Open anjackson opened 3 years ago
More information from Ilya:
Hi, I am working on trying to standardize POST request indexing across all the different Webrecorder tools, and support additional improvements.. This probably calls for a write-up, but just wanted to share what the idea is so far:
the POST request data, if possible is converted to query (form-encoded) form and treated as part of the URL, in a sense, converting the POST request to a GET
this can also apply to PUT or any other requests
The CDXJ entry would look like this:
org,httpbin)/post?__wb_method=post&another=more^data&test=some+data 20200809195334 {"url": "https://httpbin.org/post", "mime": "application/json", "status": "200", "digest": "7AWVEIPQMCA4KTCNDXWSZ465FITB7LSK", "length": "688", "offset": "0", "filename": "post-test-more.warc", "requestBody": "?__wb_method=POST&test=some+data&another=more%5Edata", "method": "POST"}
the canonicalized key has this extra query appended to it, along with _wb_method
the url field is not modified
the url-encoded query form is stored in requestBody field and also an extra method field is added
the requestBody is for: application/x-www-form-urlencoded - already in this form use as is multipart/form-data - convert to url-encoded query application/json - parse the json and add each primitive to the query, eg. {"a": "b", "foo": {"c": "d"}} becomes a=b&c=d (is better approach possible) text/plain - assume it may be json, try to parse application/json , otherwise treat as binary/other binary/all other - base64 encode and add as _wb_post_data=<base 64 data>**
Thanks @thomasegense - I'm afraid I'm probably going to switch to using the PyWB indexer for now, as modifying this codebase to pull together the request and reponse records is going to mean significant changes to the way it works. I don't current have time to make those changes.

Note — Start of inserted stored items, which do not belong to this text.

text \<open>A maximum cut is locally optimal at every vertex, so each vertex has at least as many
  neighbours across the cut as on its own side.\<close>
lemma exists_large_cut:
  assumes fin: "finite C" and E: "symp E" "irreflp E"
  obtains T where "T \<subseteq> C" "edges_between E C C \<le> 4 * edges_between E T (C - T)"
proof -
  have "finite (Pow C)" "Pow C \<noteq> {}" using fin by auto
  then obtain T where T: "T \<in> Pow C"
    and max: "\<And>T'. T' \<in> Pow C \<Longrightarrow> edges_between E T' (C - T') \<le> edges_between E T (C - T)"
    by (rule ex_maximizer_finite[where f = "\<lambda>T. edges_between E T (C - T)"]) blast
  have finT: "finite T" "finite (C - T)" using T fin finite_subset by auto
  have swap: "edges_between E (C - T) (C - (C - T)) = edges_between E T (C - T)"
    using T edges_between_commute[OF E(1)] by (simp add: double_diff)
  have "card {y\<in>T. E x y} \<le> card {y\<in>C - T. E x y}" if "x \<in> T" for x
    using max T that by (intro max_cut_locally_optimal[OF fin _ _ E]) auto
  then have "edges_between E T T \<le> edges_between E T (C - T)"
    unfolding edges_between_eq_sum_card[OF finT(1)] edges_between_eq_sum_card[OF finT(2)]
    by (intro sum_mono) simp
  moreover have "card {y\<in>C - T. E x y} \<le> card {y\<in>T. E x y}" if "x \<in> C - T" for x
  proof -
    have "C - (C - T) = T" using T by auto
    moreover have "card {y\<in>C - T. E x y} \<le> card {y\<in>C - (C - T). E x y}"
      using max swap that by (intro max_cut_locally_optimal[OF fin _ _ E]) auto
    ultimately show ?thesis by simp
  qed
  then have "edges_between E (C - T) (C - T) \<le> edges_between E (C - T) T"
    unfolding edges_between_eq_sum_card[OF finT(2)] edges_between_eq_sum_card[OF finT(1)]
    by (intro sum_mono) simp
  moreover have "edges_between E C C = edges_between E T T + edges_between E T (C - T)
      + edges_between E (C - T) T + edges_between E (C - T) (C - T)"
    using edges_between_Un_left[OF finT, of E C] edges_between_Un_right[OF finT]
    using T by (simp add: Un_absorb1 Diff_partition)
  ultimately show thesis
    using that T edges_between_commute[OF E(1), of "C - T" T] by simp
qed

text \<open>For \<open>0 < m \<le> N\<close> this is the \<open>j\<close> with \<open>N / 2\<^sup>j\<^sup>+\<^sup>1 < m \<le> N / 2\<^sup>j\<close>.\<close>
definition dyadic_level :: "nat \<Rightarrow> nat \<Rightarrow> nat" where
  "dyadic_level N m = (LEAST j. N < 2 ^ Suc j * m)"

lemma dyadic_level_bounds:
  assumes "m \<le> N" "N < 2 ^ c * m"
  shows "dyadic_level N m < c"
    and "real m \<le> real N / 2 ^ dyadic_level N m"
    and "real N / 2 ^ dyadic_level N m < 2 * real m"
proof -
  let ?j = "dyadic_level N m"
  obtain c' where c: "c = Suc c'" using assms by (cases c) auto
  then have "N < 2 ^ Suc c' * m" using assms(2) by simp
  then have "?j \<le> c'" and least: "N < 2 ^ Suc ?j * m"
    unfolding dyadic_level_def by (rule Least_le, rule LeastI)
  then show "?j < c" using c by simp
  have "real N < real (2 ^ Suc ?j * m)" using least by (simp only: of_nat_less_iff)
  then show "real N / 2 ^ ?j < 2 * real m" by (simp add: divide_less_eq algebra_simps)
  have "2 ^ ?j * m \<le> N"
  proof (cases ?j)
    case 0 then show ?thesis using assms(1) by simp
  next
    case (Suc i)
    then have "\<not> N < 2 ^ Suc i * m" unfolding dyadic_level_def by (intro not_less_Least) simp
    then show ?thesis using Suc by simp
  qed
  then have "real (2 ^ ?j * m) \<le> real N" by (simp only: of_nat_le_iff)
  then show "real m \<le> real N / 2 ^ ?j" by (simp add: le_divide_eq mult.commute)
qed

I completely agree with you. There is a hard timeconsuming task with only minor benefits to playback in solrwayback. (Also the url max length of 2048 also has to be changed.)
Here is latest work going on between Ilya and Alex: https://github.com/webrecorder/specs/blob/issue-141-post-canonicalization/post-canonicalization/latest/index.md
I have a Java implementation of pywb compatible POST/PUT request body encoding here: https://github.com/iipc/jwarc/blob/master/src/org/netpreserve/jwarc/cdx/CdxRequestEncoder.java
To get playback working, we need to make HEAD/OPTIONS/POST records like PyWB does. See https://github.com/webrecorder/pywb/issues/585 and related tickets.
It's fairly involved! https://github.com/webrecorder/pywb/blob/54d8bccf4a4eebf305012d49cb7330eaddea9eba/pywb/warcserver/inputrequest.py#L183
Will replace/supercede https://github.com/ukwa/webarchive-discovery/blob/a166803280fc62e51c4dcf4ee8acd7ac6ee38f4c/warc-hadoop-recordreaders/src/main/java/uk/bl/wa/hadoop/mapreduce/cdx/TinyCDXServerReducer.java#L86-L95
Note that to be useful, we need to upgrade to
nlagovau/outbackcdx:0.8.0
.